Why are university staff going on strike again?
Analysis: As a fresh wave of action is set to hit students, Eleanor Busby looks at how it all began
Hundreds of thousands of students have been hit by two waves of walkouts in less than two years – and now they are due to be hit by a third round of strike action.
Lecturers, librarians, technicians and other academic staff are set to walk out for another 14 days in 74 universities across the UK this month amid an ongoing dispute over pensions, pay and conditions.
Students currently in their third year saw their lectures and seminars cancelled in their freshers year and then again last term. Now they face even more disruption during their final months at university.
So why have university staff taken unprecedented strike action in recent years?
Members of the University and College Union (UCU) first staged 14 days of action in 65 universities across the UK between February and March 2018 in a row over their pensions.
The union said the proposals to overhaul the universities superannuation scheme (USS), the sector’s biggest pension fund, would leave a typical lecturer up to £10,000 a year worse off during retirement.
But Universities UK (UUK), which represents employers in pensions negotiations, argued that changes were needed to make the scheme financially viable, adding that it had a deficit of more than £6bn.
In November and December last year, staff walked out once again as the row over pensions rumbled on.
It came after universities pushed through plans to make members pay 9.6 per cent of their salary into their pension, up from 8 per cent last April, as they argued higher contributions were needed to meet rising costs of the scheme. But the union says members’ contributions should be capped at 8 per cent.
However, it is not only pensions that university staff are unhappy with. The eight-day walkout before Christmas was also over pay, equality, casualisation and workloads which staff say have got worse.
The union is demanding more action to close the pay gap for women and ethnic minorities, adding that pay for university staff has fallen by around 20 per cent in real-terms over the past decade.
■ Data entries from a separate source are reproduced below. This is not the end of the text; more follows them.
lemma closed_segment_meets_level_set_once:
  fixes x y p q l :: "'a::real_inner"
  assumes "x \<bullet> l \<noteq> k" "p \<in> closed_segment x y" "q \<in> closed_segment x y" "p \<bullet> l = k" "q \<bullet> l = k"
  shows "p = q"
proof -
  obtain s where s: "p = (1 - s) *\<^sub>R x + s *\<^sub>R y" using assms(2) by (auto simp: closed_segment_def)
  obtain t where t: "q = (1 - t) *\<^sub>R x + t *\<^sub>R y" using assms(3) by (auto simp: closed_segment_def)
  have "p \<bullet> l = x \<bullet> l + s * (y \<bullet> l - x \<bullet> l)" "q \<bullet> l = x \<bullet> l + t * (y \<bullet> l - x \<bullet> l)"
    by (simp_all add: s t inner_add_left algebra_simps)
  moreover from this have "y \<bullet> l - x \<bullet> l \<noteq> 0" using assms(1,4) by auto
  ultimately have "s = t" using assms(4,5) by simp
  then show ?thesis using s t by simp
qed

lemma diff_mem_closed_segment:
  fixes y u v p :: "'a::real_vector"
  assumes "p \<in> closed_segment (y - u) (y - v)"
  shows "y - p \<in> closed_segment u v"
proof -
  obtain s where "0 \<le> s" "s \<le> 1" "p = (1 - s) *\<^sub>R (y - u) + s *\<^sub>R (y - v)"
    using assms by (auto simp: closed_segment_def)
  moreover from this have "y - p = (1 - s) *\<^sub>R u + s *\<^sub>R v" by (simp add: algebra_simps)
  ultimately show ?thesis by (auto simp: closed_segment_def)
qed

lemma facet_of_linear_image:
  fixes f :: "'a::euclidean_space \<Rightarrow> 'b::euclidean_space"
  assumes "linear f" "inj f"
  shows "f ` F facet_of f ` S \<longleftrightarrow> F facet_of S"
  using assms by (simp add: facet_of_def face_of_linear_image aff_dim_injective_linear_image)

lemma polyhedron_exit_facet:
  fixes N :: "'a::euclidean_space set"
  assumes "polyhedron N" "affine hull N = UNIV" "x \<in> N" "y \<notin> N"
  obtains p a b where "p \<in> closed_segment x y" "p \<in> N" "a \<bullet> p = b"
    "a \<noteq> 0" "N \<subseteq> {z. a \<bullet> z \<le> b}" "(N \<inter> {z. a \<bullet> z = b}) facet_of N"
proof -
  obtain p where p: "p \<in> closed_segment x y" "p \<in> frontier N"
    using connected_Int_frontier[of "closed_segment x y" N] assms(3,4) by auto
  have "p \<in> N - rel_interior N"
    using p(2) polyhedron_imp_closed[OF assms(1)] rel_interior_interior[OF assms(2)]
    by (simp add: frontier_def)
  then obtain G where G: "G facet_of N" "p \<in> G"
    using rel_boundary_of_polyhedron[OF assms(1)] by blast
  obtain a b where "a \<noteq> 0" "N \<subseteq> {z. a \<bullet> z \<le> b}" "G = N \<inter> {z. a \<bullet> z = b}"
    using facet_of_polyhedron[OF assms(1) G(1)] by blast
  with that p(1) G show ?thesis by blast
qed

definition line_class :: "nat \<Rightarrow> (nat \<Rightarrow> 'a::real_vector) \<Rightarrow> nat \<Rightarrow> nat set" where
  "line_class d \<beta> i = {j. j < d \<and> \<beta> j \<in> span {\<beta> i}}"

lemma line_class_eq:
  "j \<in> line_class d \<beta> i \<Longrightarrow> \<beta> j \<noteq> 0 \<Longrightarrow> line_class d \<beta> j = line_class d \<beta> i"
  using span_singleton_eq[of "\<beta> j" "\<beta> i"] by (simp add: line_class_def)

lemma sum_eq_0_by_lines:
  fixes \<beta> :: "nat \<Rightarrow> 'a::real_vector" and g :: "nat \<Rightarrow> 'b::comm_monoid_add"
  assumes "\<And>j. j < d \<Longrightarrow> \<beta> j = 0 \<Longrightarrow> g j = 0"
    and "\<And>i. i < d \<Longrightarrow> \<beta> i \<noteq> 0 \<Longrightarrow> sum g (line_class d \<beta> i) = 0"
  shows "(\<Sum>j<d. g j) = 0"
proof -
  let ?Nz = "{j. j < d \<and> \<beta> j \<noteq> 0}"
  have "(\<Sum>j<d. g j) = sum g ?Nz"
    by (rule sum.mono_neutral_right) (auto simp: assms(1))
  also have "\<dots> = (\<Sum>V \<in> (\<lambda>j. span {\<beta> j}) ` ?Nz. sum g {j \<in> ?Nz. span {\<beta> j} = V})"
    by (rule sum.group[symmetric]) auto
  also have "\<dots> = 0"
  proof (rule sum.neutral, clarify)
    fix i assume i: "i < d" "\<beta> i \<noteq> 0"
    have "{j \<in> ?Nz. span {\<beta> j} = span {\<beta> i}} = line_class d \<beta> i - {j. \<beta> j = 0}"
    proof (intro set_eqI iffI)
      fix j assume "j \<in> {j \<in> ?Nz. span {\<beta> j} = span {\<beta> i}}"
      then show "j \<in> line_class d \<beta> i - {j. \<beta> j = 0}"
        unfolding line_class_def by (metis (mono_tags, lifting) DiffI mem_Collect_eq singletonI span_base)
    qed (use span_singleton_eq in \<open>auto simp: line_class_def\<close>)
    also have "sum g \<dots> = sum g (line_class d \<beta> i)"
      by (rule sum.mono_neutral_left) (auto simp: line_class_def assms(1))
    finally show "sum g {j \<in> ?Nz. span {\<beta> j} = span {\<beta> i}} = 0"
      using assms(2) i by simp
  qed
  finally show ?thesis .
qed

lemma quasi_symmetric_sum_eq_0:
  "quasi_symmetric d \<beta> \<Longrightarrow> (\<Sum>i<d. \<beta> i) = 0"
  by (rule sum_eq_0_by_lines) (auto simp: quasi_symmetric_def line_class_def)

lemma zonotope_eq_sum_segments: "zonotope d \<beta> = (\<Sum>i<d. closed_segment 0 (\<beta> i))"
proof -
  have seg: "closed_segment 0 (\<beta> i) = {a *\<^sub>R \<beta> i | a. 0 \<le> a \<and> a \<le> 1}" for i
    by (auto simp: closed_segment_def)
  have "{sum s {..<d} |s. \<forall>i\<in>{..<d}. s i \<in> {a *\<^sub>R \<beta> i | a. 0 \<le> a \<and> a \<le> 1}} = zonotope d \<beta>"
  proof (intro set_eqI iffI)
    fix z assume "z \<in> {sum s {..<d} |s. \<forall>i\<in>{..<d}. s i \<in> {a *\<^sub>R \<beta> i | a. 0 \<le> a \<and> a \<le> 1}}"
    then obtain s where "z = sum s {..<d}" "\<forall>i<d. \<exists>a. s i = a *\<^sub>R \<beta> i \<and> 0 \<le> a \<and> a \<le> 1" by auto
    moreover from this obtain a where "\<forall>i<d. s i = a i *\<^sub>R \<beta> i \<and> 0 \<le> a i \<and> a i \<le> 1" by metis
    ultimately show "z \<in> zonotope d \<beta>" unfolding zonotope_def by auto
  qed (auto simp: zonotope_def)
  then show ?thesis by (simp add: set_sum_alt seg)
qed

lemma polytope_zonotope: "polytope (zonotope d \<beta>)"
proof -
  have "finite (\<Sum>i<d. {0, \<beta> i})" by (induction d) (auto intro: finite_set_plus)
  then show ?thesis
    unfolding zonotope_eq_sum_segments segment_convex_hull convex_hull_set_sum[symmetric]
    by (rule polytope_convex_hull)
qed

lemma mem_nabla_iff:
  "z \<in> nabla d \<beta> \<longleftrightarrow> (\<exists>a. (\<forall>i<d. 0 \<le> a i \<and> a i \<le> 1) \<and> z = (\<Sum>i<d. (a i / 2) *\<^sub>R \<beta> i))"
proof -
  have "(\<Sum>i<d. (a i / 2) *\<^sub>R \<beta> i) = (1/2) *\<^sub>R (\<Sum>i<d. a i *\<^sub>R \<beta> i)" for a
    by (simp add: scaleR_sum_right)
  then show ?thesis unfolding nabla_def zonotope_def by auto
qed

lemma polytope_nabla: "polytope (nabla d \<beta>)"
  unfolding nabla_def by (rule polytope_linear_image[OF linear_scaleR polytope_zonotope])

lemma affine_hull_nabla:
  assumes "span (zonotope d \<beta>) = UNIV"
  shows "affine hull (nabla d \<beta>) = UNIV"
proof -
  have "span (nabla d \<beta>) = (\<lambda>x. (1/2) *\<^sub>R x) ` span (zonotope d \<beta>)"
    unfolding nabla_def by (rule span_linear_image) (rule linear_scaleR)
  also have "\<dots> = UNIV"
    using assms by (auto simp: image_iff intro!: exI[where x = "2 *\<^sub>R _"])
  finally have "span (nabla d \<beta>) = UNIV" .
  moreover have "0 \<in> nabla d \<beta>" unfolding mem_nabla_iff by (intro exI[of _ "\<lambda>i. 0"]) auto
  ultimately show ?thesis by (simp add: affine_hull_span_0 hull_inc)
qed

lemma nabla_uminus:
  assumes "(\<Sum>i<d. \<beta> i) = 0"
  shows "uminus ` nabla d \<beta> = nabla d \<beta>"
proof -
  have neg: "- z \<in> nabla d \<beta>" if "z \<in> nabla d \<beta>" for z
  proof -
    obtain a where a: "\<forall>i<d. 0 \<le> a i \<and> a i \<le> 1" and z: "z = (\<Sum>i<d. (a i / 2) *\<^sub>R \<beta> i)"
      using \<open>z \<in> nabla d \<beta>\<close> unfolding mem_nabla_iff by blast
    have "- z = (\<Sum>i<d. ((1 - a i) / 2) *\<^sub>R \<beta> i) - (1/2) *\<^sub>R (\<Sum>i<d. \<beta> i)"
      unfolding z by (simp add: scaleR_sum_right sum_subtractf[symmetric] sum_negf[symmetric] algebra_simps diff_divide_distrib)
    then show ?thesis
      using a assms unfolding mem_nabla_iff by (intro exI[of _ "\<lambda>i. 1 - a i"]) auto
  qed
  then show ?thesis by (force intro: rev_image_eqI[of "- _"])
qed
It is very likely that the third wave of strikes will take place later this month and the union has warned that even more action could be held in the summer term if disputes are not resolved.
University staff are fed up with hearing about vice-chancellors being handed larger pay packets, as high as £550,000 a year, at a time when they feel their conditions are simply deteriorating.
But the danger is that students, who now pay up to £9,250 a year, could lose sympathy with the academics if their education continues to be significantly disrupted.